Only alert readers will have noticed the revival of the old fight for freedom of speech in Britain. The threat of a writ so alarms the mainstream media that it barely discusses the increasingly angry arguments around what the United Nations rightly described as the "scandal" of England's suppression of plain prose and investigative journalism.
The case for reform is not being made by what we used to call Fleet Street or the broadcasters but by Index on Censorship and Private Eye, small journals that are more willing than most to make a stand. A heartening coalition of MPs from all parties is offering critical support, but the strongest push is coming not from editors and politicians but from writers in Britain and abroad, who are infuriated by the ability of rich men to use our authoritarian libel laws to suppress unfavourable reports.
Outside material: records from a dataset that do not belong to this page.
(* Let $H$ be a $\{P,C\}$-free 3-graph on vertex set $V$, let $e_1,e_2\in H$ with $e_1\cap e_2=\{x\}$, set $U=e_1\cup e_2$, $W=V\setminus U$, and assume $H[W]$ has at least one edge. Let $W_0$ be the set of vertices of degree $0$ in $H[W]$, $W_1=W\setminus W_0$ (so $|W_1|\ge 3$), and let $H_1$ be the set of edges $h\in H$ with $h\cap U\ne\emptyset$, $h\cap W\neq\emptyset$ and $h\cap W\subseteq W_1$. Then $|H_1|\le 2|W_1|-3$, and if moreover $|W_1|\ge 4$ then $|H[U]|+|H_1|\le 2|W_1|+2$.
   Context: All hypergraphs are 3-uniform; edge sets are identified with the 3-graphs; $H[S]$ is the sub-3-graph induced on $S$. $P$ is the loose 3-uniform path of length 3: vertices $a,b,c,d,e,f,g$, edges $\{a,b,c\},\{c,d,e\},\{e,f,g\}$. $C$ is the loose triangle: vertices $x_1,x_2,x_3,y_1,y_2,y_3$, edges $\{x_1,y_3,x_2\},\{x_2,y_1,x_3\},\{x_3,y_2,x_1\}$. $\{P,C\}$-free means containing no copy of $P$ and no copy of $C$. *)

theory Defs
  imports Main
begin

definition three_graph :: "'a set \<Rightarrow> 'a set set \<Rightarrow> bool" where
  "three_graph V H \<longleftrightarrow> finite V \<and> (\<forall>e\<in>H. e \<subseteq> V \<and> card e = 3)"

definition contains_P :: "'a set set \<Rightarrow> bool" where
  "contains_P H \<longleftrightarrow> (\<exists>a b c d e f g. distinct [a, b, c, d, e, f, g] \<and>
      {a, b, c} \<in> H \<and> {c, d, e} \<in> H \<and> {e, f, g} \<in> H)"

definition contains_C :: "'a set set \<Rightarrow> bool" where
  "contains_C H \<longleftrightarrow> (\<exists>x1 x2 x3 y1 y2 y3. distinct [x1, x2, x3, y1, y2, y3] \<and>
      {x1, y3, x2} \<in> H \<and> {x2, y1, x3} \<in> H \<and> {x3, y2, x1} \<in> H)"

definition PC_free :: "'a set set \<Rightarrow> bool" where
  "PC_free H \<longleftrightarrow> \<not> contains_P H \<and> \<not> contains_C H"

definition induced :: "'a set set \<Rightarrow> 'a set \<Rightarrow> 'a set set" where
  "induced H S = {h \<in> H. h \<subseteq> S}"

definition degree :: "'a set set \<Rightarrow> 'a \<Rightarrow> nat" where
  "degree H v = card {h \<in> H. v \<in> h}"

end

theory Submission
  imports Defs
begin

text \<open>
  Write e1 = {x, a1, a2} and e2 = {x, b1, b2}. Excluding the loose path alone already forces every
  edge of H1 to be either a pendant edge {a1, a2, w} or {b1, b2, w} with w in W1, or an edge
  {x} \<union> l with l a pair in W1. The pairs l form the link graph of x, whose vertices are never
  pendant, and all link neighbours of a vertex w lie in one edge of H[W] through w, so the link
  has maximum degree 2. Counting vertices of W1 gives |H1| \<le> |W1|, unless some w is pendant for
  both e1 and e2; then the two other vertices of an H[W]-edge through w have link degree at most 1,
  which still leaves |H1| \<le> 2|W1| - 3. For the second bound, a pendant edge leaves at most 4 and
  a link edge at most 6 of the 10 triples of U available to H[U].
\<close>

lemma card_le_choose_if_supersets:
  assumes S: "finite S" and A: "A \<subseteq> S" "card A \<le> k"
    and T: "T \<subseteq> {t. A \<subseteq> t \<and> t \<subseteq> S \<and> card t = k}"
  shows "card T \<le> (card S - card A) choose (k - card A)"
proof -
  let ?T = "{t. A \<subseteq> t \<and> t \<subseteq> S \<and> card t = k}"
    and ?R = "{r. r \<subseteq> S - A \<and> card r = k - card A}"
  have fA: "finite A" using S A(1) by (rule finite_subset[rotated])
  have bij: "bij_betw (\<lambda>t. t - A) ?T ?R"
  proof (rule bij_betw_byWitness[where f' = "\<lambda>r. r \<union> A"])
    have "card (r \<union> A) = k" if "r \<subseteq> S - A" "card r = k - card A" for r
      using that A(2) fA finite_subset[OF _ S] by (subst card_Un_disjoint) auto
    then show "(\<lambda>r. r \<union> A) ` ?R \<subseteq> ?T" using A(1) by auto
  qed (use S fA in \<open>auto simp: card_Diff_subset\<close>)
  have "card T \<le> card ?T"
    using T S by (intro card_mono) (auto intro: finite_subset[of _ "Pow S"])
  also have "\<dots> = card ?R" using bij by (rule bij_betw_same_card)
  also have "\<dots> = (card S - card A) choose (k - card A)"
    using S A fA by (simp add: n_subsets card_Diff_subset)
  finally show ?thesis .
qed

lemma double_card_le_if_degree_le_2:
  fixes E :: "'a set set"
  assumes fin: "finite (\<Union>E)" and two: "\<And>e. e \<in> E \<Longrightarrow> card e = 2"
    and deg2: "\<And>v. card {e \<in> E. v \<in> e} \<le> 2"
    and deg1: "\<And>v. v \<in> Y \<Longrightarrow> card {e \<in> E. v \<in> e} \<le> 1"
  shows "2 * card E + card (\<Union>E \<inter> Y) \<le> 2 * card (\<Union>E)"
proof -
  let ?D = "\<Union>E" and ?deg = "\<lambda>v. card {e \<in> E. v \<in> e}"
  have "finite E" using fin by (simp add: finite_UnionD)
  moreover have "card {v \<in> ?D. v \<in> e} = 2" if "e \<in> E" for e
  proof -
    have "{v \<in> ?D. v \<in> e} = e" using that by blast
    then show ?thesis using two[OF that] by simp
  qed
  ultimately have "2 * card E = sum ?deg ?D"
    using fin by (intro sum_multicount[symmetric]) auto
  also have "\<dots> = sum ?deg (?D \<inter> Y) + sum ?deg (?D - Y)"
    using fin by (rule sum.Int_Diff)
  also have "\<dots> \<le> card (?D \<inter> Y) + 2 * card (?D - Y)"
    using sum_bounded_above[of "?D \<inter> Y" ?deg 1] sum_bounded_above[of "?D - Y" ?deg 2] deg1 deg2
    by (intro add_mono) auto
  finally show ?thesis
    using card_Int_Diff[OF fin, of Y] by linarith
qed

lemma degree_eq_0_iff:
  assumes "finite G"
  shows "degree G v = 0 \<longleftrightarrow> v \<notin> \<Union>G"
  using assms by (auto simp: degree_def)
First among them is the New York journalist Rachel Ehrenfeld, who is reshaping Anglo-US legal relations after Mr Justice Eady ordered the banning of her book on the funding of radical Islam. She did not publish or publicise it in Britain, and only a few copies reached Britain via Amazon. The obliging Eady nevertheless acceded to the demands of the Saudi banker Sheikh Khalid bin Mahfouz to fine Ehrenfeld and order the destruction of her book.
Boy, did he pick the wrong woman to censor. Ehrenfeld has organised US publishers and civil liberties groups to persuade Congress to declare that English libel judgements should have no validity in the US.